Sophie scowled. “I suppose I’d have to find some way to keep them out of things.” Mouse deterrent charms would work best, though.
“Well, their teeth are always growing, so chewing keeps it down,” Izumo admitted. “But mice are nice.” Much better than rats.
Sophie gave Izumo a sharp look. “I have never met a nice mouse.”
Izumo frowned at her. See how hurt he was? Very much so. “I have.”
“I suppose you would have.” It didn’t mean that they actually were nice mice. “Did they talk?”
“No.” Izumo paused, glancing at the floor under the couch. Then he grinned and crouched, digging in his hoodie pouch. He chirped a few whistles - a very shy peep answered him. But when he held out the seeds, it didn’t take longer than ten seconds before the mouse crept out. It sprang into his hand and started in on the seeds.
Izumo raised his other hand, slowly, and beamed brightly in delight when the mouse let him stroke the soft fur between its blue ears.
“I bet you’re here because it’s so quiet today, huh?” he asked the mouse, voice whisper soft..
Sophie did not shriek, though she did have the gut reaction to throw something at the mouse. Yes, it was cute, but those page boys had been cute before they turned into goo and had tried to suffocate her.
When the mouse crawled into Izumo’s hands, Sophie decided he was using some kind of magic. Certainly, she didn’t know how a blue mouse should act, but she didn’t think it should crawl into someone’s hand like that. It definately looked like it was capable of a lot of chewing.
Sophie sighed. First spiders and now mice! Why did people have such weird attachments to pests? “Fine, I’ll leave your mice alone, but if anyone complains to me about them, I’m sending them to you.”
“Oh, they’re not mine. They live here. But they’re very tame.” Izumo petted the mouse against with a fingertip. It reached up with its teeny paws, grabbed his fingertip, and tasted it. Izumo chuckled as tiny sharp teeth pressed against his skin. It decided he was not edible and let go, grabbing one last seed and shoving it into its mouth before leaping away. Izumo laughed and got to his feet again.
“I am not a seed,” he informed Sophie, inspecting his finger. No marks on the skin at all. “I do not taste good.”
“You’re responsible for them,” Sophie informed Izumo firmly. It didn’t matter if they were his or not, he was the one dragging them in here and feeding them. That made them Izumo’s problem.
Sophie watched Izumo and decided he was a very silly man.
Izumo gave her a puzzled look. “They’re responsible for themselves. I’m just helping them.”
“You’re feeding them and encouraging them to stay inside. You’re responsible for them,” Sophie demanded firmly, frowning at Izumo.
“...they’re wild. They do what they want. I’m just feeding them every now and then.” Izumo frowned at her a little. “No different than feeding birds.” People did that all the time. Sophie had wierd ideas of responsibility, Izumo decided, and also decided she was probably quite young.
“People feed birds outside,” Sophie pointed out. Feeding mice inside when mice were supposed to love outside was a completely different thin. Sophie wondered if Izumo was just stupid or if he was being purposefully difficult.
“And I don’t care.
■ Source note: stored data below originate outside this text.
(* Let $X$ be a prelength space and $Y$ a metric space. For any $f\in\mathfrak{C}(X\to Y)$ and $x\in\mathfrak{C}(X)$, the function $\mathrm{ap}(f)(x)=\lambda\varepsilon.\,\mathrm{map}(f(\tfrac{\varepsilon}{2}))(x)(\tfrac{\varepsilon}{2})$ is a regular function over $Y$.
   Context: $\mathbb{Q}^+$ denotes the strictly positive rationals; all $\varepsilon,\delta$ (with indices) range over $\mathbb{Q}^+$. A metric space is a triple $(X,\asymp,B)$ where $\asymp$ is an equivalence relation on $X$ and $B$ assigns to each $\varepsilon\in\mathbb{Q}^+$ a binary relation $B_\varepsilon$ on $X$ respecting $\asymp$, such that: (1) each $B_\varepsilon$ is reflexive; (2) each $B_\varepsilon$ is symmetric; (3) if $B_{\varepsilon_1}(a,b)$ and $B_{\varepsilon_2}(b,c)$ then $B_{\varepsilon_1+\varepsilon_2}(a,c)$; (4) if $B_{\varepsilon+\delta}(a,b)$ for all $\delta$, then $B_\varepsilon(a,b)$; (5) if $B_\varepsilon(a,b)$ for all $\varepsilon$, then $a\asymp b$. A prelength space is a metric space such that for all $a,b,\varepsilon,\delta_1,\delta_2$ with $\varepsilon<\delta_1+\delta_2$ and $B_\varepsilon(a,b)$ there exists $c$ with $B_{\delta_1}(a,c)$ and $B_{\delta_2}(c,b)$. A regular function over a metric space $W$ is a function $x:\mathbb{Q}^+\to W$ such that $B_{\varepsilon_1+\varepsilon_2}(x(\varepsilon_1),x(\varepsilon_2))$ for all $\varepsilon_1,\varepsilon_2$; $\mathfrak{C}(W)$ is the metric space of regular functions with $x\asymp y$ iff $B_{2\varepsilon}(x(\varepsilon),y(\varepsilon))$ for all $\varepsilon$ and $B'_\varepsilon(x,y)$ iff $B_{\varepsilon+\delta_1+\delta_2}(x(\delta_1),y(\delta_2))$ for all $\delta_1,\delta_2$. A uniformly continuous function $g:X\to Y$ is a pair of a function and a modulus $\mu_g$ with $B^X_{\mu_g(\varepsilon)}(x_1,x_2)\Rightarrow B^Y_\varepsilon(g(x_1),g(x_2))$. $X\to Y$ is the metric space of uniformly continuous functions with $B_\varepsilon(g,h)$ iff $B^Y_\varepsilon(g(a),h(a))$ for all $a$, and $g\asymp h$ iff $g(a)\asymp h(a)$ for all $a$. $\mathrm{map}(g)(x)=\lambda\varepsilon.\,g(x(\mu_g(\varepsilon)))$. *)

theory Defs
  imports Complex_Main
begin

text \<open>Only positive rationals are meaningful indices.\<close>

definition metric_sp :: "'a set \<Rightarrow> ('a \<Rightarrow> 'a \<Rightarrow> bool) \<Rightarrow> (rat \<Rightarrow> 'a \<Rightarrow> 'a \<Rightarrow> bool) \<Rightarrow> bool" where
  "metric_sp S eq B \<longleftrightarrow>
     (\<forall>a\<in>S. eq a a) \<and>
     (\<forall>a\<in>S. \<forall>b\<in>S. eq a b \<longrightarrow> eq b a) \<and>
     (\<forall>a\<in>S. \<forall>b\<in>S. \<forall>c\<in>S. eq a b \<longrightarrow> eq b c \<longrightarrow> eq a c) \<and>
     (\<forall>e>0. \<forall>a\<in>S. \<forall>b\<in>S. \<forall>a'\<in>S. \<forall>b'\<in>S.
        eq a a' \<longrightarrow> eq b b' \<longrightarrow> B e a b \<longrightarrow> B e a' b') \<and>
     (\<forall>e>0. \<forall>a\<in>S. B e a a) \<and>
     (\<forall>e>0. \<forall>a\<in>S. \<forall>b\<in>S. B e a b \<longrightarrow> B e b a) \<and>
     (\<forall>e1>0. \<forall>e2>0. \<forall>a\<in>S. \<forall>b\<in>S. \<forall>c\<in>S.
        B e1 a b \<longrightarrow> B e2 b c \<longrightarrow> B (e1 + e2) a c) \<and>
     (\<forall>e>0. \<forall>a\<in>S. \<forall>b\<in>S. (\<forall>d>0. B (e + d) a b) \<longrightarrow> B e a b) \<and>
     (\<forall>a\<in>S. \<forall>b\<in>S. (\<forall>e>0. B e a b) \<longrightarrow> eq a b)"

definition prelength_sp :: "'a set \<Rightarrow> ('a \<Rightarrow> 'a \<Rightarrow> bool) \<Rightarrow> (rat \<Rightarrow> 'a \<Rightarrow> 'a \<Rightarrow> bool) \<Rightarrow> bool" where
  "prelength_sp S eq B \<longleftrightarrow> metric_sp S eq B \<and>
     (\<forall>a\<in>S. \<forall>b\<in>S. \<forall>e>0. \<forall>d1>0. \<forall>d2>0. e < d1 + d2 \<longrightarrow> B e a b \<longrightarrow>
        (\<exists>c\<in>S. B d1 a c \<and> B d2 c b))"

definition regular :: "'a set \<Rightarrow> (rat \<Rightarrow> 'a \<Rightarrow> 'a \<Rightarrow> bool) \<Rightarrow> (rat \<Rightarrow> 'a) \<Rightarrow> bool" where
  "regular S B x \<longleftrightarrow> (\<forall>e>0. x e \<in> S) \<and>
     (\<forall>e1>0. \<forall>e2>0. B (e1 + e2) (x e1) (x e2))"

definition uc_set :: "'a set \<Rightarrow> (rat \<Rightarrow> 'a \<Rightarrow> 'a \<Rightarrow> bool) \<Rightarrow> 'b set \<Rightarrow> (rat \<Rightarrow> 'b \<Rightarrow> 'b \<Rightarrow> bool)
    \<Rightarrow> (('a \<Rightarrow> 'b) \<times> (rat \<Rightarrow> rat)) set" where
  "uc_set SX BX SY BY = {(g, mu).
      (\<forall>a\<in>SX. g a \<in> SY) \<and> (\<forall>e>0. mu e > 0) \<and>
      (\<forall>e>0. \<forall>a1\<in>SX. \<forall>a2\<in>SX. BX (mu e) a1 a2 \<longrightarrow> BY e (g a1) (g a2))}"

definition fun_eq :: "'a set \<Rightarrow> ('b \<Rightarrow> 'b \<Rightarrow> bool)
    \<Rightarrow> ('a \<Rightarrow> 'b) \<times> (rat \<Rightarrow> rat) \<Rightarrow> ('a \<Rightarrow> 'b) \<times> (rat \<Rightarrow> rat) \<Rightarrow> bool" where
  "fun_eq SX eqY g h \<longleftrightarrow> (\<forall>a\<in>SX. eqY (fst g a) (fst h a))"

definition fun_ball :: "'a set \<Rightarrow> (rat \<Rightarrow> 'b \<Rightarrow> 'b \<Rightarrow> bool)
    \<Rightarrow> rat \<Rightarrow> ('a \<Rightarrow> 'b) \<times> (rat \<Rightarrow> rat) \<Rightarrow> ('a \<Rightarrow> 'b) \<times> (rat \<Rightarrow> rat) \<Rightarrow> bool" where
  "fun_ball SX BY e g h \<longleftrightarrow> (\<forall>a\<in>SX. BY e (fst g a) (fst h a))"

definition mapC :: "('a \<Rightarrow> 'b) \<times> (rat \<Rightarrow> rat) \<Rightarrow> (rat \<Rightarrow> 'a) \<Rightarrow> rat \<Rightarrow> 'b" where
  "mapC g x = (\<lambda>e. fst g (x (snd g e)))"

definition apC :: "(rat \<Rightarrow> ('a \<Rightarrow> 'b) \<times> (rat \<Rightarrow> rat)) \<Rightarrow> (rat \<Rightarrow> 'a) \<Rightarrow> rat \<Rightarrow> 'b" where
  "apC f x = (\<lambda>e. mapC (f (e / 2)) x (e / 2))"

end

theory Submission
  imports Defs
begin

text \<open>Let g = f(e1/2) and h = f(e2/2), with moduli mu and nu. Regularity of f makes g and h
uniformly (e1 + e2)/2-close, and regularity of x makes the two sample points a and b
(mu(e1/2) + nu(e2/2))-close. Since X is a prelength space, at the cost of a slack nu(d) the
points a and b can be joined through intermediate points c and c' by a mu(e1/2)-step, a
nu(d)-step and a nu(e2/2)-step. Then
g a, g c, h c, h c', h b are successively e1/2-, (e1 + e2)/2-, d- and e2/2-close, and
closedness of the balls of Y removes the slack d.\<close>

lemma metric_sp_triangle:
  assumes "metric_sp S eq B" "e1 > 0" "e2 > 0" "a \<in> S" "b \<in> S" "c \<in> S"
    and "B e1 a b" "B e2 b c"
  shows "B (e1 + e2) a c"
  using assms unfolding metric_sp_def by blast

lemma metric_sp_ball_closed:
  assumes "metric_sp S eq B" "e > 0" "a \<in> S" "b \<in> S"
    and "\<And>d. d > 0 \<Longrightarrow> B (e + d) a b"
  shows "B e a b"
  using assms unfolding metric_sp_def by blast

lemma prelength_sp_split:
  assumes "prelength_sp S eq B" "a \<in> S" "b \<in> S" "e > 0" "d1 > 0" "d2 > 0"
    and "e < d1 + d2" "B e a b"
  obtains c where "c \<in> S" "B d1 a c" "B d2 c b"
  using assms unfolding prelength_sp_def by blast

lemma prelength_sp_split3:
  assumes pre: "prelength_sp S eq B" and ab: "a \<in> S" "b \<in> S"
    and pos: "e > 0" "d1 > 0" "d2 > 0" "d3 > 0"
    and lt: "e < d1 + d2 + d3" and ball: "B e a b"
  obtains c c' where "c \<in> S" "c' \<in> S" "B d1 a c" "B d2 c c'" "B d3 c' b"
proof -
  define t where "t = max ((e - d1 + d2 + d3) / 2) ((d2 + d3) / 2)"
  have t: "t > 0" "e < d1 + t" "t < d2 + d3"
    using pos lt unfolding t_def by (auto simp: max_def field_simps)
  obtain c where c: "c \<in> S" "B d1 a c" "B t c b"
    using prelength_sp_split[OF pre ab pos(1,2) t(1,2) ball] .
  obtain c' where "c' \<in> S" "B d2 c c'" "B d3 c' b"
    using prelength_sp_split[OF pre c(1) ab(2) t(1) pos(3,4) t(3) c(3)] .
  with c that show ?thesis by blast
qed

lemma uc_setD:
  assumes "g \<in> uc_set SX BX SY BY"
  shows "\<And>a. a \<in> SX \<Longrightarrow> fst g a \<in> SY"
    and "\<And>e. e > 0 \<Longrightarrow> snd g e > 0"
    and "\<And>e a1 a2. e > 0 \<Longrightarrow> a1 \<in> SX \<Longrightarrow> a2 \<in> SX \<Longrightarrow> BX (snd g e) a1 a2
           \<Longrightarrow> BY e (fst g a1) (fst g a2)"
  using assms unfolding uc_set_def by auto

lemma uc_set_fun_ball_apply:
  assumes pre: "prelength_sp SX eqX BX" and Y: "metric_sp SY eqY BY"
    and g: "g \<in> uc_set SX BX SY BY" and h: "h \<in> uc_set SX BX SY BY"
    and gh: "fun_ball SX BY r g h" and pos: "r > 0" "e1 > 0" "e2 > 0"
    and ab: "a \<in> SX" "b \<in> SX" "BX (snd g e1 + snd h e2) a b"
  shows "BY (e1 + r + e2) (fst g a) (fst h b)"
proof (rule metric_sp_ball_closed[OF Y])
  fix d :: rat assume d: "d > 0"
  have mod_pos: "snd g e1 > 0" "snd h d > 0" "snd h e2 > 0"
    using uc_setD(2)[OF g] uc_setD(2)[OF h] pos d by auto
  then obtain c c' where c: "c \<in> SX" "c' \<in> SX"
      "BX (snd g e1) a c" "BX (snd h d) c c'" "BX (snd h e2) c' b"
    using prelength_sp_split3[OF pre ab(1,2) _ mod_pos _ ab(3)] by auto
  have "BY e1 (fst g a) (fst g c)"
    using uc_setD(3)[OF g] pos ab c by blast
  moreover have "BY r (fst g c) (fst h c)"
    using gh c unfolding fun_ball_def by blast
  moreover have "BY d (fst h c) (fst h c')"
    using uc_setD(3)[OF h] d c by blast
  moreover have "BY e2 (fst h c') (fst h b)"
    using uc_setD(3)[OF h] pos ab c by blast
  moreover have "fst g a \<in> SY" "fst g c \<in> SY" "fst h c \<in> SY" "fst h c' \<in> SY" "fst h b \<in> SY"
    using uc_setD(1)[OF g] uc_setD(1)[OF h] ab c by auto
  ultimately have "BY (e1 + r + d + e2) (fst g a) (fst h b)"
    using metric_sp_triangle[OF Y] pos d by (meson add_pos_pos)
  then show "BY (e1 + r + e2 + d) (fst g a) (fst h b)"
    by (simp add: algebra_simps)
qed (use pos uc_setD(1)[OF g] uc_setD(1)[OF h] ab in auto)

theorem theorem25:
  fixes SX :: "'a set" and eqX :: "'a \<Rightarrow> 'a \<Rightarrow> bool" and BX :: "rat \<Rightarrow> 'a \<Rightarrow> 'a \<Rightarrow> bool"
    and SY :: "'b set" and eqY :: "'b \<Rightarrow> 'b \<Rightarrow> bool" and BY :: "rat \<Rightarrow> 'b \<Rightarrow> 'b \<Rightarrow> bool"
    and f :: "rat \<Rightarrow> ('a \<Rightarrow> 'b) \<times> (rat \<Rightarrow> rat)" and x :: "rat \<Rightarrow> 'a"
  assumes "prelength_sp SX eqX BX"
    and "metric_sp SY eqY BY"
    and "regular (uc_set SX BX SY BY) (fun_ball SX BY) f"
    and "regular SX BX x"
  shows "regular SY BY (apC f x)"
proof -
  have f_uc: "\<And>e. e > 0 \<Longrightarrow> f (e / 2) \<in> uc_set SX BX SY BY"
    using assms(3) unfolding regular_def by simp
  have x_pt: "\<And>e. e > 0 \<Longrightarrow> x (snd (f (e / 2)) (e / 2)) \<in> SX"
    using assms(4) uc_setD(2)[OF f_uc] unfolding regular_def by simp
  have "BY (e1 + e2) (apC f x e1) (apC f x e2)" if e: "e1 > 0" "e2 > 0" for e1 e2
  proof -
    have "fun_ball SX BY (e1 / 2 + e2 / 2) (f (e1 / 2)) (f (e2 / 2))"
      using assms(3) e unfolding regular_def by simp
    moreover have "BX (snd (f (e1 / 2)) (e1 / 2) + snd (f (e2 / 2)) (e2 / 2))
        (x (snd (f (e1 / 2)) (e1 / 2))) (x (snd (f (e2 / 2)) (e2 / 2)))"
      using assms(4) uc_setD(2)[OF f_uc] e unfolding regular_def by simp
    ultimately have "BY (e1 / 2 + (e1 / 2 + e2 / 2) + e2 / 2) (apC f x e1) (apC f x e2)"
      unfolding apC_def mapC_def
      by (intro uc_set_fun_ball_apply[OF assms(1,2) f_uc f_uc]) (use e x_pt in auto)
    moreover have "e1 / 2 + (e1 / 2 + e2 / 2) + e2 / 2 = e1 + e2"
      by simp
    ultimately show ?thesis by metis
  qed
  moreover have "apC f x e \<in> SY" if "e > 0" for e
    using uc_setD(1)[OF f_uc x_pt] that unfolding apC_def mapC_def by simp
  ultimately show ?thesis unfolding regular_def by blast
qed

end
If someone complains to me about mice, I will tell them to take up their complaint with you.” Sophie huffed.
“Mice go in and out,” Izumo pointed out. He hadn’t ever lived in nice enough housing to realize mice shouldn’t be in a house. “And they should complain to someone else. It’s not like I could get rid of them or anything.”
“You’re encouraging them to stay in!” Sophie threw her hands up. She had dusting to do. Izumo could be ridiculous somewhere else!
Izumo blinked, startled. He backed away a careful step, eyeing Sophie with wariness. “No... I’m not...that’s the cafeterias. And whoever else keeps food in their rooms.”
Sophie whirled around and shook her rag at Izumo. “You just fed it!”
With a startled yelp Izumo shot over the back of the couch and skidded on the floor. He didn’t go far, just enough to put good space between him and the angry woman. He was not getting hit or cursed or whatever.
When Izumo ran, Sophie just felt more frustrated with him. She threw her hands in the air and stumped off to dust somewhere else where people made sense!
“Well, goodbye!” Izumo called after her.